RECORDS PROVIDED -
(* Write mu = (m1, m2) with m1 + m2 = 2 lam - x and y = lam - m1.  The hypothesis
   (lam, lam - x) <= mu says that the pairing of y with every positive root, hence
   (negating roots) with every root, lies between 0 and the pairing of x.  For x = 0
   this gives y = 0, i.e. mu = (lam, lam).  For x = w^-1(omega_i), transporting by the
   orthogonal map w, the integral weight w y satisfies 0 <= (w y)(h_beta) <= delta(beta,i)
   on simple roots beta, so w y = c omega_i with c in {0,1}; thus mu is (lam, lam - x)
   or (lam - x, lam), both equivalent to (lam, lam - x). *)

lemma cpair_add: "cpair (a + b) \<alpha> = cpair a \<alpha> + cpair b \<alpha>"
  by (simp add: cpair_def inner_add_left add_divide_distrib distrib_left)

lemma cpair_diff: "cpair (a - b) \<alpha> = cpair a \<alpha> - cpair b \<alpha>"
  by (simp add: cpair_def inner_diff_left diff_divide_distrib right_diff_distrib)

lemma cpair_scale: "cpair (c *\<^sub>R a) \<alpha> = c * cpair a \<alpha>"
  by (simp add: cpair_def)

lemma cpair_neg_root: "cpair a (- \<alpha>) = - cpair a \<alpha>"
  by (simp add: cpair_def)

lemma cpair_orthogonal_transformation:
  assumes "orthogonal_transformation f"
  shows "cpair (f a) (f b) = cpair a b"
  using assms by (simp add: cpair_def orthogonal_transformation_def)

lemma cpair_zero_by_span:
  assumes "span T = UNIV" and "\<forall>j\<in>T. cpair (v::'a::euclidean_space) j = 0"
  shows "v = 0"
proof -
  have "\<forall>j\<in>T. orthogonal v j"
    using assms(2) by (auto simp: cpair_def orthogonal_def)
  then have "orthogonal v v"
    using orthogonal_to_span assms(1) by blast
  then show ?thesis by (simp add: orthogonal_def)
qed

lemma weights_diff: "a \<in> weights R \<Longrightarrow> b \<in> weights R \<Longrightarrow> a - b \<in> weights R"
  by (simp add: weights_def cpair_diff)

lemma refl_orthogonal_transformation:
  assumes "(\<alpha>::'a::euclidean_space) \<noteq> 0"
  shows "orthogonal_transformation (refl \<alpha>)"
  unfolding orthogonal_transformation_def
proof (intro conjI allI)
  show "linear (refl \<alpha>)"
    by (rule linearI) (simp_all add: refl_def cpair_add cpair_scale algebra_simps)
  fix x y
  show "refl \<alpha> x \<bullet> refl \<alpha> y = x \<bullet> y" using assms
    by (simp add: refl_def cpair_def inner_diff_left inner_diff_right inner_commute field_simps)
qed

lemma weyl_orthogonal_permutes_roots:
  assumes "root_system R" and "w \<in> weyl R"
  shows "orthogonal_transformation w \<and> w ` R = R"
  using assms(2)
proof induction
  case weyl_id
  then show ?case by (simp add: id_def)
next
  case (weyl_step w \<alpha>)
  have "\<alpha> \<noteq> 0" and "refl \<alpha> ` R = R"
    using assms(1) weyl_step(2) unfolding root_system_def by auto
  then show ?case
    using weyl_step(3) refl_orthogonal_transformation orthogonal_transformation_compose
    by (metis image_comp)
qed

lemma weyl_inv_orthogonal_permutes_roots:
  assumes "root_system R" and "w \<in> weyl R"
  shows "orthogonal_transformation (inv w) \<and> inv w ` R = R"
proof -
  have w: "orthogonal_transformation w" "w ` R = R"
    using weyl_orthogonal_permutes_roots[OF assms] by auto
  then have "inv w ` R = R"
    by (metis image_inv_f_f orthogonal_transformation_inj)
  then show ?thesis using w(1) orthogonal_transformation_inv by blast
qed

lemma base_subset_roots: "is_base R S \<Longrightarrow> S \<subseteq> R"
  by (simp add: is_base_def)

lemma base_span:
  assumes "root_system R" and "is_base R S"
  shows "span S = UNIV"
proof -
  have "R \<subseteq> span S"
  proof
    fix \<beta> assume "\<beta> \<in> R"
    then obtain c :: "'a \<Rightarrow> int" where "\<beta> = (\<Sum>\<alpha>\<in>S. of_int (c \<alpha>) *\<^sub>R \<alpha>)"
      using assms(2) unfolding is_base_def by blast
    then show "\<beta> \<in> span S" by (simp add: span_sum span_scale span_base)
  qed
  then have "span R \<subseteq> span S" by (simp add: span_minimal)
  then show ?thesis using assms(1) unfolding root_system_def by auto
qed

text \<open>Existence comes from extending a linear functional off
  the independent set S, uniqueness from S spanning.\<close>
lemma fund_wt_pairing:
  assumes "root_system R" and "is_base R S"
  shows "\<forall>j\<in>S. cpair (fund_wt S i) j = (if j = i then 1 else 0)"
proof -
  have nz: "\<forall>j\<in>S. j \<bullet> j \<noteq> 0"
    using assms unfolding root_system_def is_base_def by auto
  have "independent S" using assms(2) unfolding is_base_def by auto
  then obtain g :: "'a \<Rightarrow> real" where g: "linear g"
    "\<forall>x\<in>S. g x = (if x = i then (x \<bullet> x) / 2 else 0)"
    using linear_independent_extend[of S "\<lambda>x. if x = i then (x \<bullet> x) / 2 else (0::real)"]
    by auto
  define \<omega> where "\<omega> = adjoint g 1"
  have \<omega>_inner: "\<And>x. \<omega> \<bullet> x = g x"
    unfolding \<omega>_def using adjoint_works[OF g(1)] by (simp add: inner_commute)
  have \<omega>: "\<forall>j\<in>S. cpair \<omega> j = (if j = i then 1 else 0)"
    using nz g(2) by (auto simp: cpair_def \<omega>_inner)
  have "fund_wt S i = \<omega>" unfolding fund_wt_def
  proof (rule the_equality)
    fix \<omega>' assume "\<forall>j\<in>S. cpair \<omega>' j = (if j = i then 1 else 0)"
    then have "\<forall>j\<in>S. cpair (\<omega>' - \<omega>) j = 0" using \<omega> by (simp add: cpair_diff)
    then show "\<omega>' = \<omega>" using cpair_zero_by_span[OF base_span[OF assms]] by fastforce
  qed (rule \<omega>)
  then show ?thesis using \<omega> by simp
qed

lemma neg_root:
  assumes "root_system R" and "\<gamma> \<in> R"
  shows "- \<gamma> \<in> R"
proof -
  have "\<gamma> \<noteq> 0" "refl \<gamma> ` R = R" using assms unfolding root_system_def by auto
  moreover have "refl \<gamma> \<gamma> = - \<gamma>" using \<open>\<gamma> \<noteq> 0\<close>
    by (simp add: refl_def cpair_def scaleR_2)
  ultimately show ?thesis using assms(2) by (metis imageI)
qed

lemma root_pos_or_neg:
  assumes "root_system R" and "is_base R S" and "\<gamma> \<in> R"
  shows "\<gamma> \<in> pos_roots R S \<or> - \<gamma> \<in> pos_roots R S"
proof -
  obtain c :: "'a \<Rightarrow> int" where c: "\<gamma> = (\<Sum>\<alpha>\<in>S. of_int (c \<alpha>) *\<^sub>R \<alpha>)"
    "(\<forall>\<alpha>\<in>S. c \<alpha> \<ge> 0) \<or> (\<forall>\<alpha>\<in>S. c \<alpha> \<le> 0)"
    using assms(2,3) unfolding is_base_def by blast
  show ?thesis
  proof (cases "\<forall>\<alpha>\<in>S. c \<alpha> \<ge> 0")
    case True
    then show ?thesis using c assms(3) unfolding pos_roots_def by blast
  next
    case False
    then have "\<forall>\<alpha>\<in>S. - c \<alpha> \<ge> 0" using c(2) by auto
    moreover have "- \<gamma> = (\<Sum>\<alpha>\<in>S. of_int (- c \<alpha>) *\<^sub>R \<alpha>)"
      using c(1) by (simp add: sum_negf[symmetric])
    ultimately have "- \<gamma> \<in> pos_roots R S" using neg_root[OF assms(1,3)]
      unfolding pos_roots_def by (auto intro!: exI[of _ "\<lambda>a. - c a"])
    then show ?thesis ..
  qed
qed

lemma Ints_between_0_1: "(t::real) \<in> \<int> \<Longrightarrow> 0 \<le> t \<Longrightarrow> t \<le> 1 \<Longrightarrow> t = 0 \<or> t = 1"
  by (metis Ints_cases of_int_0_le_iff of_int_le_1_iff of_int_eq_0_iff of_int_eq_1_iff
      le_less not_le int_one_le_iff_zero_less)
text \<open>Failure event: N \<ge> n (no radius \<le> eps at any step k \<ge> 1 with k < n; N = \<infinity> if it
  never terminates), or some interval produced at a step k \<le> N misses R.\<close>
definition failure_event :: "alg \<Rightarrow> real \<Rightarrow> real \<Rightarrow> real \<Rightarrow> (real \<times> (nat \<Rightarrow> real)) set" where
  "failure_event A R n eps =
     {(u, zs). (\<forall>k::nat. 1 \<le> k \<and> real k < n \<longrightarrow> rad A u zs k > eps)
       \<or> (\<exists>k::nat. 1 \<le> k \<and> (\<forall>j. 1 \<le> j \<and> j < k \<longrightarrow> rad A u zs j > eps)
              \<and> \<not> (est A u zs k - rad A u zs k \<le> R \<and> R \<le> est A u zs k + rad A u zs k))}"

definition certified :: "alg \<Rightarrow> real measure \<Rightarrow> real \<Rightarrow> real \<Rightarrow> real \<Rightarrow> bool" where
  "certified A D n eps \<delta> \<longleftrightarrow> measure (sample_space D) (failure_event A (risk D) n eps) \<le> \<delta>"

end

theory Submission
  imports Defs
begin

text \<open>
  Upper bound: until \<open>m = \<lceil>ln (2/\<delta>) / (2 \<epsilon>\<^sup>2)\<rceil>\<close> losses have been seen, report the interval
  \<open>[-1/2, 3/2]\<close>, which contains every risk; then report the empirical mean with radius \<open>\<epsilon>\<close>.
  By Hoeffding's inequality this fails with probability at most \<open>2 exp (-2 m \<epsilon>\<^sup>2) \<le> \<delta>\<close>, and
  \<open>m \<le> (ln (1/\<delta>) + ln (ln (1/\<epsilon>))) / \<epsilon>\<^sup>2\<close> once \<open>\<epsilon> < exp (- exp 2)\<close>.

  Lower bound: along the diagonal \<open>\<delta> = \<epsilon>\<close> it suffices to show \<open>n \<epsilon>\<^sup>2 > ln (1/\<epsilon>) / 144\<close> for
  every algorithm certified both for Bernoulli(1/2) and for Bernoulli(1/2 + 3\<epsilon>) losses. Let \<open>G\<close> be
  the event that the algorithm stops before step \<open>n\<close> with an interval containing \<open>1/2\<close>. Under
  Bernoulli(1/2) the complement of \<open>G\<close> is a failure, under Bernoulli(1/2 + 3\<epsilon>) the event \<open>G\<close> is
  one, so both have probability at most \<open>\<epsilon>\<close>. Now \<open>G\<close> depends only on the first \<open>K = \<lceil>n\<rceil>\<close>
  losses, and on sequences whose first \<open>K\<close> entries are at least half ones (probability at least
  \<open>1/2\<close> under Bernoulli(1/2), by 0/1 symmetry) the likelihood ratio of the two laws is at least
  \<open>(1 - 36 \<epsilon>\<^sup>2)\<^sup>K\<close>. Hence \<open>\<epsilon> \<ge> (1 - 36 \<epsilon>\<^sup>2)\<^sup>K (1/2 - \<epsilon>)\<close>, which fails when
  \<open>n \<epsilon>\<^sup>2 \<le> ln (1/\<epsilon>) / 144\<close>.
\<close>

section \<open>Product measures of i.i.d. sequences\<close>

lemma nn_integral_PiM_case_nat:
  assumes "prob_space D" and F: "F \<in> borel_measurable (PiM UNIV (\<lambda>_. D))"
  shows "(\<integral>\<^sup>+zs. F zs \<partial>PiM UNIV (\<lambda>_. D)) = (\<integral>\<^sup>+a. \<integral>\<^sup>+w. F (case_nat a w) \<partial>PiM UNIV (\<lambda>_. D) \<partial>D)"
proof -
  interpret S: sequence_space D
    by (simp add: sequence_space_def product_prob_space_def product_prob_space_axioms_def
        product_sigma_finite_def assms prob_space_imp_sigma_finite)
  have [measurable]: "F \<in> borel_measurable S.S" by (rule F)
  have "(\<integral>\<^sup>+zs. F zs \<partial>S.S) = (\<integral>\<^sup>+zs. F zs \<partial>distr (D \<Otimes>\<^sub>M S.S) S.S (\<lambda>(s, w). case_nat s w))"
    by (simp add: S.PiM_iter)
  also have "\<dots> = (\<integral>\<^sup>+x. F (case_nat (fst x) (snd x)) \<partial>(D \<Otimes>\<^sub>M S.S))"
    by (subst nn_integral_distr) (simp_all add: split_beta')
  also have "\<dots> = (\<integral>\<^sup>+a. \<integral>\<^sup>+w. F (case_nat a w) \<partial>S.S \<partial>D)"
    by (subst S.nn_integral_fst[symmetric]) simp_all
  finally show ?thesis .
qed

lemma emeasure_pair_measure_mono_sections:
  assumes "sigma_finite_measure M1" "sigma_finite_measure M2"
    and X: "X \<in> sets (N \<Otimes>\<^sub>M M1)" and Y: "Y \<in> sets (N \<Otimes>\<^sub>M M2)"
    and sections: "\<And>x. c * emeasure M1 (Pair x -` X) \<le> emeasure M2 (Pair x -` Y)"
  shows "c * emeasure (N \<Otimes>\<^sub>M M1) X \<le> emeasure (N \<Otimes>\<^sub>M M2) Y"
proof -
  interpret M1: sigma_finite_measure M1 by fact
  interpret M2: sigma_finite_measure M2 by fact
  have "c * emeasure (N \<Otimes>\<^sub>M M1) X = (\<integral>\<^sup>+x. c * emeasure M1 (Pair x -` X) \<partial>N)"
    using X by (simp add: M1.emeasure_pair_measure_alt nn_integral_cmult M1.measurable_emeasure_Pair)
  also have "\<dots> \<le> (\<integral>\<^sup>+x. emeasure M2 (Pair x -` Y) \<partial>N)"
    by (intro nn_integral_mono sections)
  also have "\<dots> = emeasure (N \<Otimes>\<^sub>M M2) Y"
    using Y by (simp add: M2.emeasure_pair_measure_alt)
  finally show ?thesis .
qed
text \<open>If the side \<open>[a, b]\<close> passes within \<open>r\<close> of both \<open>p\<close> and \<open>q\<close>, it splits into three pieces
  which fellow-travel, by convexity of the CAT(0) metric, the other three sides.\<close>

lemma CAT0_quad_slim_if_side_near:
  fixes p a b q :: "'a::metric_space"
  assumes cat: "CAT0 TYPE('a)" and Q: "geod_quad p a b q q1 q2 q3 q4"
    and sp: "sp \<in> {0..dist a b}" and sq: "sq \<in> {0..dist a b}"
    and near_p: "dist (q2 sp) p \<le> r" and near_q: "dist (q2 sq) q \<le> r"
  shows "quad_slim r p a b q q1 q2 q3 q4"
proof -
  have q1: "geodesic_path q1 p a" and q2: "geodesic_path q2 a b"
    and q3: "geodesic_path q3 b q" and q4: "geodesic_path q4 q p"
    using Q unfolding geod_quad_def by auto
  define S1 where "S1 = geodesic_segment q1 p a"
  define S2 where "S2 = geodesic_segment q2 a b"
  define S3 where "S3 = geodesic_segment q3 b q"
  define S4 where "S4 = geodesic_segment q4 q p"
  define P1 where "P1 = q2 ` {0..sp}"
  define P3 where "P3 = q2 ` {sq..dist a b}"
  define P4 where "P4 = q2 ` {min sp sq..max sp sq}"
  have "0 \<le> r" using near_p zero_le_dist order_trans by blast
  have ends: "q2 0 = a" "q2 (dist a b) = b"
    using geodesic_path_start[OF q2] geodesic_path_end[OF q2] by auto
  have S1: "S1 \<subseteq> nbhd r P1" "P1 \<subseteq> nbhd r S1"
    using CAT0_subsegment_near[OF cat q2 _ _ _ geodesic_path_reverse[OF q1]] sp near_p \<open>0 \<le> r\<close> ends
    unfolding S1_def P1_def geodesic_segment_reverse by (auto simp: dist_commute)
  have S3: "S3 \<subseteq> nbhd r P3" "P3 \<subseteq> nbhd r S3"
    using CAT0_subsegment_near[OF cat q2 _ _ _ geodesic_path_reverse[OF q3]] sq near_q \<open>0 \<le> r\<close> ends
    unfolding S3_def P3_def geodesic_segment_reverse by (auto simp: dist_commute)
  have S4: "S4 \<subseteq> nbhd r P4 \<and> P4 \<subseteq> nbhd r S4"
  proof (cases "sp \<le> sq")
    case True
    then show ?thesis
      using CAT0_subsegment_near[OF cat q2 _ True _ geodesic_path_reverse[OF q4]] sp sq near_p near_q
      unfolding S4_def P4_def geodesic_segment_reverse by (auto simp: dist_commute)
  next
    case False
    then show ?thesis
      using CAT0_subsegment_near[OF cat q2 _ _ _ q4, of sq sp] sp sq near_p near_q
      unfolding S4_def P4_def by (auto simp: dist_commute)
  qed
  have S2: "S2 = P1 \<union> P3 \<union> P4"
    unfolding S2_def P1_def P3_def P4_def by (rule geodesic_segment_three_pieces[OF sp sq])
  have ne: "P1 \<noteq> {}" "P3 \<noteq> {}" "P4 \<noteq> {}" "S1 \<noteq> {}" "S3 \<noteq> {}" "S4 \<noteq> {}"
    using sp sq unfolding P1_def P3_def P4_def S1_def S3_def S4_def
    by (auto simp: geodesic_segment_nonempty)
  have "S1 \<subseteq> nbhd r (S2 \<union> S3 \<union> S4)" by (rule nbhd_mono[OF S1(1)]) (use S2 ne in auto)
  moreover have "S3 \<subseteq> nbhd r (S1 \<union> S2 \<union> S4)" by (rule nbhd_mono[OF S3(1)]) (use S2 ne in auto)
  moreover have "S4 \<subseteq> nbhd r (S1 \<union> S2 \<union> S3)"
    by (rule nbhd_mono[OF conjunct1[OF S4]]) (use S2 ne in auto)
  moreover have "S2 \<subseteq> nbhd r (S1 \<union> S3 \<union> S4)"
    using nbhd_mono[OF S1(2), of "S1 \<union> S3 \<union> S4"] nbhd_mono[OF S3(2), of "S1 \<union> S3 \<union> S4"]
      nbhd_mono[OF conjunct2[OF S4], of "S1 \<union> S3 \<union> S4"] S2 ne by auto
  ultimately show ?thesis
    unfolding quad_slim_def Let_def S1_def[symmetric] S2_def[symmetric] S3_def[symmetric]
      S4_def[symmetric] by blast
qed
lemma N2_Int_unique_via_neighbour:
  assumes sg: "sgraph V E" and girth: "girth V E \<ge> 7"
    and no_common: "\<not> (\<exists>w. E s w \<and> E t w)"
    and x: "E s x" "E x v" "E x v'"
    and "v \<in> N2 V E {s} \<inter> N2 V E {t}" "v' \<in> N2 V E {s} \<inter> N2 V E {t}"
  shows "v = v'"
proof (rule ccontr)
  assume "v \<noteq> v'"
  have girth4: "girth V E \<ge> 4" and girth5: "girth V E \<ge> 5"
    by (rule order.trans[OF _ girth], simp add: numeral_eq_enat)+
  obtain b b' where b: "E t b" "E b v" and b': "E t b'" "E b' v'"
    and v: "t \<noteq> v" "\<not> E t v" "t \<noteq> v'" "\<not> E t v'"
    using assms(7,8) by (auto simp: mem_N2_singleton_iff[OF sg])
  have sym: "E u w \<Longrightarrow> E w u" for u w
    using sgraph_edgeD(3)[OF sg] .
  have "x \<noteq> b" "x \<noteq> b'"
    using no_common x(1) b(1) b'(1) by auto
  show False
  proof (cases "b = b'")
    case True
    from no_4_cycle[OF sg girth5 x(2) sym[OF b(2)] _ sym[OF x(3)] \<open>x \<noteq> b\<close> \<open>v \<noteq> v'\<close>] b'(2) True
    show False by blast
  next
    case False
    have "v \<noteq> b'" "b \<noteq> v'"
      using no_triangle[OF sg girth4 x(2) _ sym[OF x(3)]] no_triangle[OF sg girth4 x(3) _ sym[OF x(2)]]
        b(2) b'(2) sym by blast+
    then have "distinct [x, v, b, t, b', v']"
      using x b b' v False \<open>x \<noteq> b\<close> \<open>x \<noteq> b'\<close> \<open>v \<noteq> v'\<close> sgraph_edgeD(4)[OF sg] by auto
    with no_6_cycle[OF sg girth x(2) sym[OF b(2)] sym[OF b(1)] b'(1) b'(2) sym[OF x(3)]]
    show False by blast
  qed
qed

lemma card_N2_Int_le:
  assumes sg: "sgraph V E" and reg: "regular V E d" and girth: "girth V E \<ge> 7"
    and "s \<in> V" "s \<noteq> t"
  shows "card (N2 V E {s} \<inter> N2 V E {t}) \<le> d"
proof (cases "\<exists>w. E s w \<and> E t w")
  case True
  then obtain w where "E s w" "E t w" by blast
  have "card (N2 V E {s} \<inter> N2 V E {t}) \<le> card (neighbours V E w)"
    using N2_Int_subset_common_neighbour[OF sg girth \<open>s \<noteq> t\<close> \<open>E s w\<close> \<open>E t w\<close>] sg
    by (intro card_mono) (simp_all add: sgraph_def)
  also have "\<dots> = d"
    using card_neighbours_regular[OF reg sgraph_edgeD(2)[OF sg \<open>E s w\<close>]] .
  finally show ?thesis .
next
  case False
  let ?I = "N2 V E {s} \<inter> N2 V E {t}"
  have fin: "finite (neighbours V E s)"
    using sg by (simp add: sgraph_def)
  have "?I = (\<Union>x\<in>neighbours V E s. neighbours V E x \<inter> ?I)"
    using sgraph_edgeD(2)[OF sg] by (auto simp: mem_N2_singleton_iff[OF sg]) blast
  then have "card ?I = card (\<Union>x\<in>neighbours V E s. neighbours V E x \<inter> ?I)"
    by (rule arg_cong)
  also have "\<dots> \<le> (\<Sum>x\<in>neighbours V E s. card (neighbours V E x \<inter> ?I))"
    by (rule card_UN_le[OF fin])
  also have "\<dots> \<le> (\<Sum>x\<in>neighbours V E s. 1)"
  proof (rule sum_mono)
    fix x assume "x \<in> neighbours V E s"
    have "finite (neighbours V E x \<inter> ?I)"
      using finite_N2[OF sg] by blast
    with \<open>x \<in> neighbours V E s\<close> show "card (neighbours V E x \<inter> ?I) \<le> 1"
      using N2_Int_unique_via_neighbour[OF sg girth False]
      by (auto simp only: One_nat_def card_le_Suc0_iff_eq)
  qed
  also have "\<dots> = d"
    using card_neighbours_regular[OF reg \<open>s \<in> V\<close>] by simp
  finally show ?thesis .
qed

lemma card_UN_ge_pairwise_Int_le:
  assumes "finite F"
    and "\<And>s. s \<in> F \<Longrightarrow> finite (A s)"
    and "\<And>s. s \<in> F \<Longrightarrow> a \<le> card (A s)"
    and "\<And>s t. s \<in> F \<Longrightarrow> t \<in> F \<Longrightarrow> s \<noteq> t \<Longrightarrow> card (A s \<inter> A t) \<le> b"
  shows "card F * a \<le> card (\<Union>s\<in>F. A s) + b * (card F choose 2)"
  using assms
proof (induction F rule: finite_induct)
  case empty
  then show ?case by simp
next
  case (insert x F)
  let ?U = "\<Union>s\<in>F. A s"
  have IH: "card F * a \<le> card ?U + b * (card F choose 2)"
    using insert.IH insert.prems by blast
  have "card (A x \<inter> ?U) \<le> (\<Sum>s\<in>F. card (A x \<inter> A s))"
    unfolding Int_UN_distrib by (rule card_UN_le[OF insert.hyps(1)])
  also have "\<dots> \<le> (\<Sum>s\<in>F. b)"
    using insert.prems(3) insert.hyps(2) by (intro sum_mono) auto
  finally have overlap: "card (A x \<inter> ?U) \<le> card F * b" by simp
  have "card (A x) + card ?U = card (A x \<union> ?U) + card (A x \<inter> ?U)"
    using insert.prems(1) insert.hyps(1) by (intro card_Un_Int) auto
  moreover have "a \<le> card (A x)"
    using insert.prems(2) by blast
  moreover have "Suc (card F) choose 2 = (card F choose 2) + card F"
    by (simp add: numeral_2_eq_2)
  ultimately show ?case
    using IH overlap insert.hyps by (simp add: algebra_simps)
qed
(* Let $\chi:\mathrm{SO}_n\to\mathfrak{so}_n$ be smooth with $\chi(gAg^T)=g\chi(A)g^T$ for all $A,g\in\mathrm{SO}_n$. Then: (i) there exists a $2\pi$-periodic $\tau=(\tau_k)_{k=1}^p:\mathcal T\to\mathbb R^p$ with $\chi(A_\Theta)=\sum_{k=1}^p\tau_k(\Theta)F_{2k-1\,2k}$ for all $\Theta\in\mathcal T$, and $\tau\circ W=W\circ\tau$ for all $W\in\mathfrak W$; (ii) for every $A\in\mathrm{SO}_n$ and every $(g,\Theta)\in\mathrm{SO}_n\times\mathcal T$ with $A=gA_\Theta g^T$, $\chi(A)=\sum_{k=1}^p\tau_k(\Theta)\,gF_{2k-1\,2k}g^T$.
   Context: Let $n\ge3$, $\mathrm{SO}_n$ the rotation group, $\mathfrak{so}_n$ the skew-symmetric matrices; $F_{ij}\in\mathfrak{so}_n$ has entries $(F_{ij})_{k\ell}=\delta_{ik}\delta_{j\ell}-\delta_{i\ell}\delta_{jk}$. $p=\lfloor n/2\rfloor$; $\mathcal T=[-\pi,\pi)^p$ viewed as the torus. $R_\theta=\begin{pmatrix}\cos\theta&-\sin\theta\\\sin\theta&\cos\theta\end{pmatrix}$; for $\Theta=(\theta_1,\dots,\theta_p)$, $A_\Theta$ is block diagonal with blocks $R_{\theta_1},\dots,R_{\theta_p}$ (and a final entry $1$ if $n=2p+1$). The Weyl group $\mathfrak W$ acts linearly on $\mathbb R^p$: for $n=2p$ it is generated by coordinate transpositions $\theta_i\leftrightarrow\theta_j$ and sign changes of pairs $(\theta_i,\theta_j)\mapsto(-\theta_i,-\theta_j)$, $i<j$; for $n=2p+1$ by coordinate transpositions and single sign changes $\theta_i\mapsto-\theta_i$. *)

theory Defs
  imports "HOL-Analysis.Analysis"
begin

type_synonym 'n rmat = "((real, 'n) vec, 'n) vec"

text \<open>The dimension n is CARD('n); the basis is ordered by the enumeration of the
  index type 'n: position k (0-based) corresponds to the basis vector e_(k+1).\<close>

definition pos :: "'n::enum \<Rightarrow> nat" where
  "pos x = (LEAST k. k < length (Enum.enum :: 'n list) \<and> Enum.enum ! k = x)"

definition SO_mat :: "('n::finite rmat) set" where
  "SO_mat = {A. rotation_matrix A}"

definition so_mat :: "('n::finite rmat) set" where
  "so_mat = {X. transpose X = - X}"

text \<open>F_ij with 0-based indices i j: (F_ij)_kl = d_ik d_jl - d_il d_jk.
  The paper's F_(2k-1,2k) (1-based, k = 1..p) is Fmat (2k) (2k+1) here with k = 0..p-1.\<close>
definition Fmat :: "nat \<Rightarrow> nat \<Rightarrow> ('n::enum) rmat" where
  "Fmat i j = (\<chi> r c. (if pos r = i \<and> pos c = j then 1 else 0)
                      - (if pos r = j \<and> pos c = i then 1 else 0))"

text \<open>Angle vectors Theta in R^p are represented as functions nat => real vanishing
  outside {..<p}.\<close>
definition angvecs :: "nat \<Rightarrow> (nat \<Rightarrow> real) set" where
  "angvecs p = {\<Theta>. \<forall>k\<ge>p. \<Theta> k = 0}"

DIRECTIONS FOR THIS TASK - Only the lines above starting with the one with "by (metis image_comp)" and going through the one with "fix \<beta> assume" are to be copied, word for word and with both ends kept.

EXPECTED ANSWER -
    by (metis image_comp)
qed

lemma weyl_inv_orthogonal_permutes_roots:
  assumes "root_system R" and "w \<in> weyl R"
  shows "orthogonal_transformation (inv w) \<and> inv w ` R = R"
proof -
  have w: "orthogonal_transformation w" "w ` R = R"
    using weyl_orthogonal_permutes_roots[OF assms] by auto
  then have "inv w ` R = R"
    by (metis image_inv_f_f orthogonal_transformation_inj)
  then show ?thesis using w(1) orthogonal_transformation_inv by blast
qed

lemma base_subset_roots: "is_base R S \<Longrightarrow> S \<subseteq> R"
  by (simp add: is_base_def)

lemma base_span:
  assumes "root_system R" and "is_base R S"
  shows "span S = UNIV"
proof -
  have "R \<subseteq> span S"
  proof
    fix \<beta> assume "\<beta> \<in> R"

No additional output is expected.